I keep telling myself it will get easier. That I’ll meet someone someday who will be able to blind me to thoughts of Ben, but so far I won’t even bring myself to trust someone enough to flirt with them.
It’s one thing to experience trust issues with men due to infidelity. But Ben lied to me on such a large scale that I have no idea what was true, what was a lie and what was fabricated for his book. The only thing I know to be accurate is that he was somehow responsible for the fire that almost took my life. And I don’t care if it was intentional or an accident, that isn’t the part that infuriates me the most.
I’m the most devastated when I think about all the times he made my scars feel beautiful, while never once admitting that he was actually the one who put them there.
No excuse will ever justify those lies. So there isn’t even a point in hearing them.
In fact, there isn’t even a point in allowing myself to think about it any more than I already have. I should just go to bed. Maybe by some miracle, I’ll sleep through most of tomorrow.
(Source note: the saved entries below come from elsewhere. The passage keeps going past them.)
lemma sum_delta_mult: "finite M \<Longrightarrow> a \<in> M \<Longrightarrow> (\<Sum>w\<in>M. delta a w * f w) = f a"
proof -
  assume "finite M" "a \<in> M"
  have "(\<Sum>w\<in>M. delta a w * f w) = (\<Sum>w\<in>M. if w = a then f w else 0)"
    by (intro sum.cong) (simp_all add: delta_def)
  with \<open>finite M\<close> \<open>a \<in> M\<close> show ?thesis by simp
qed

lemma sum_above_supported_on: "sum_above M R f \<in> supported_on M"
  by (simp add: sum_above_def supported_on_def)

lemma sum_above_eqI:
  assumes v: "v \<in> supported_on M" and "finite M"
    and coeff: "\<And>a. a \<in> M \<Longrightarrow> v a = sum_above M R g a"
  shows "sum_above M R g = v"
proof
  fix a show "sum_above M R g a = v a"
    using coeff[of a] v by (cases "a \<in> M") (simp_all add: sum_above_def supported_on_def)
qed

lemma sum_above_delta:
  "finite M \<Longrightarrow> w \<in> M \<Longrightarrow> sum_above M R (delta w) = (\<lambda>a. if a \<in> M \<and> R a w then 1 else 0)"
  by (auto simp: sum_above_def delta_def fun_eq_iff)

lemma sum_above_diff:
  "finite M \<Longrightarrow> sum_above M R (\<lambda>x. f x - g x) a = sum_above M R f a - sum_above M R g a"
  by (simp add: sum_above_def sum_subtractf)

lemma sum_above_expansion:
  assumes "finite M" and A: "\<And>w. w \<in> M \<Longrightarrow> sum_above M R (A w) = delta w"
    and v: "v \<in> supported_on M"
  shows "sum_above M R (\<lambda>a. \<Sum>w\<in>M. v w * A w a) = v"
proof
  fix a
  show "sum_above M R (\<lambda>a. \<Sum>w\<in>M. v w * A w a) a = v a"
  proof (cases "a \<in> M")
    case True
    have "sum_above M R (\<lambda>a. \<Sum>w\<in>M. v w * A w a) a = (\<Sum>w\<in>M. v w * sum_above M R (A w) a)"
      using True by (simp add: sum_above_def sum_distrib_left sum.swap[of _ M])
    also have "\<dots> = (\<Sum>w\<in>M. delta a w * v w)"
      using A by (intro sum.cong) (auto simp: delta_def)
    finally show ?thesis
      using True assms(1) by (simp add: sum_delta_mult)
  qed (use v in \<open>simp add: sum_above_def supported_on_def\<close>)
qed

locale graded_relation =
  fixes M :: "'a set" and R :: "'a \<Rightarrow> 'a \<Rightarrow> bool" and grade :: "'a \<Rightarrow> int"
  assumes finite_M: "finite M"
    and refl: "a \<in> M \<Longrightarrow> R a a"
    and grade_less: "a \<in> M \<Longrightarrow> b \<in> M \<Longrightarrow> R a b \<Longrightarrow> a \<noteq> b \<Longrightarrow> grade a < grade b"
begin

text \<open>The support of a nonzero \<open>f\<close> has an element of maximal grade, at which \<open>sum_above\<close>
  picks out \<open>f\<close> alone.\<close>

lemma sum_above_eq_0_imp_eq_0:
  assumes f: "f \<in> supported_on M" and zero: "sum_above M R f = (\<lambda>_. 0)"
  shows "f = (\<lambda>_. 0)"
proof (rule ccontr)
  define S where "S = {x \<in> M. f x \<noteq> 0}"
  assume "f \<noteq> (\<lambda>_. 0)"
  then have "S \<noteq> {}"
    using f by (auto simp: S_def supported_on_def)
  moreover have "finite S"
    using finite_M by (simp add: S_def)
  ultimately have "Max (grade ` S) \<in> grade ` S"
    by (intro Max_in) auto
  then obtain m where m: "m \<in> S" and "grade m = Max (grade ` S)"
    by (metis imageE)
  with \<open>finite S\<close> have top: "grade x \<le> grade m" if "x \<in> S" for x
    using that by simp
  have "f b = 0" if "b \<in> M" "R m b" "b \<noteq> m" for b
  proof -
    have "grade m < grade b"
      using grade_less m that by (simp add: S_def)
    then have "b \<notin> S"
      using top by fastforce
    with \<open>b \<in> M\<close> show ?thesis
      by (simp add: S_def)
  qed
  then have "sum_above M R f m = (\<Sum>b\<in>{m}. f b)"
    unfolding sum_above_def using m finite_M refl
    by (intro if_P[THEN trans] sum.mono_neutral_right) (auto simp: S_def)
  then show False
    using zero m by (simp add: S_def fun_eq_iff)
qed

lemma inj_on_sum_above: "inj_on (sum_above M R) (supported_on M)"
proof (rule inj_onI)
  fix f g assume "f \<in> supported_on M" "g \<in> supported_on M" "sum_above M R f = sum_above M R g"
  then have "(\<lambda>x. f x - g x) \<in> supported_on M" "sum_above M R (\<lambda>x. f x - g x) = (\<lambda>_. 0)"
    by (simp_all add: supported_on_def sum_above_diff finite_M fun_eq_iff)
  then have "(\<lambda>x. f x - g x) = (\<lambda>_. 0)"
    by (rule sum_above_eq_0_imp_eq_0)
  then show "f = g"
    by (simp add: fun_eq_iff)
qed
I reach over and turn off the lamp next to my couch. As I’m making my way toward the bedroom, there’s a knock on my front door.
Amber.
She’s done well not to bring up today’s date until yesterday. She pretended she wanted to have a sleepover out of the blue a few hours ago, but I declined. I know she just doesn’t want me to be alone tonight, but it’s a lot easier to mope when there’s no one to judge you.
I unlock my apartment door and open it.
No one is here.
Chills run up my arms. Amber wouldn’t do something like this. She wouldn’t find humor in pranking a girl who lives alone this late at night.
I immediately step back inside the apartment to slam the door shut, but right before I go to close it, I glance down at the ground and see a cardboard box. It isn’t wrapped, but there’s an envelope on it with my name sprawled across the top.
I glance around, but there’s no one near my door. There is a car pulling away, though, and I wish it wasn’t so dark so I could see if I recognized the vehicle.
I glance back down at the package and then quickly scoop it up and rush inside, locking the door behind me.
It looks like one of the cardboard gift boxes that department stores use to package shirts, but the contents are much heavier than a shirt. I set it on the kitchen counter and peel the envelope off the top of it.
It isn’t sealed. The flap is just tucked into the back of the envelope, so I pull the piece of paper out and unfold it.
Fallon,
I’ve spent most of my life preparing to write something as important as this letter. But for the first time, I don’t feel like the English language has developed enough letters in the alphabet to adequately express the words I want to say to you.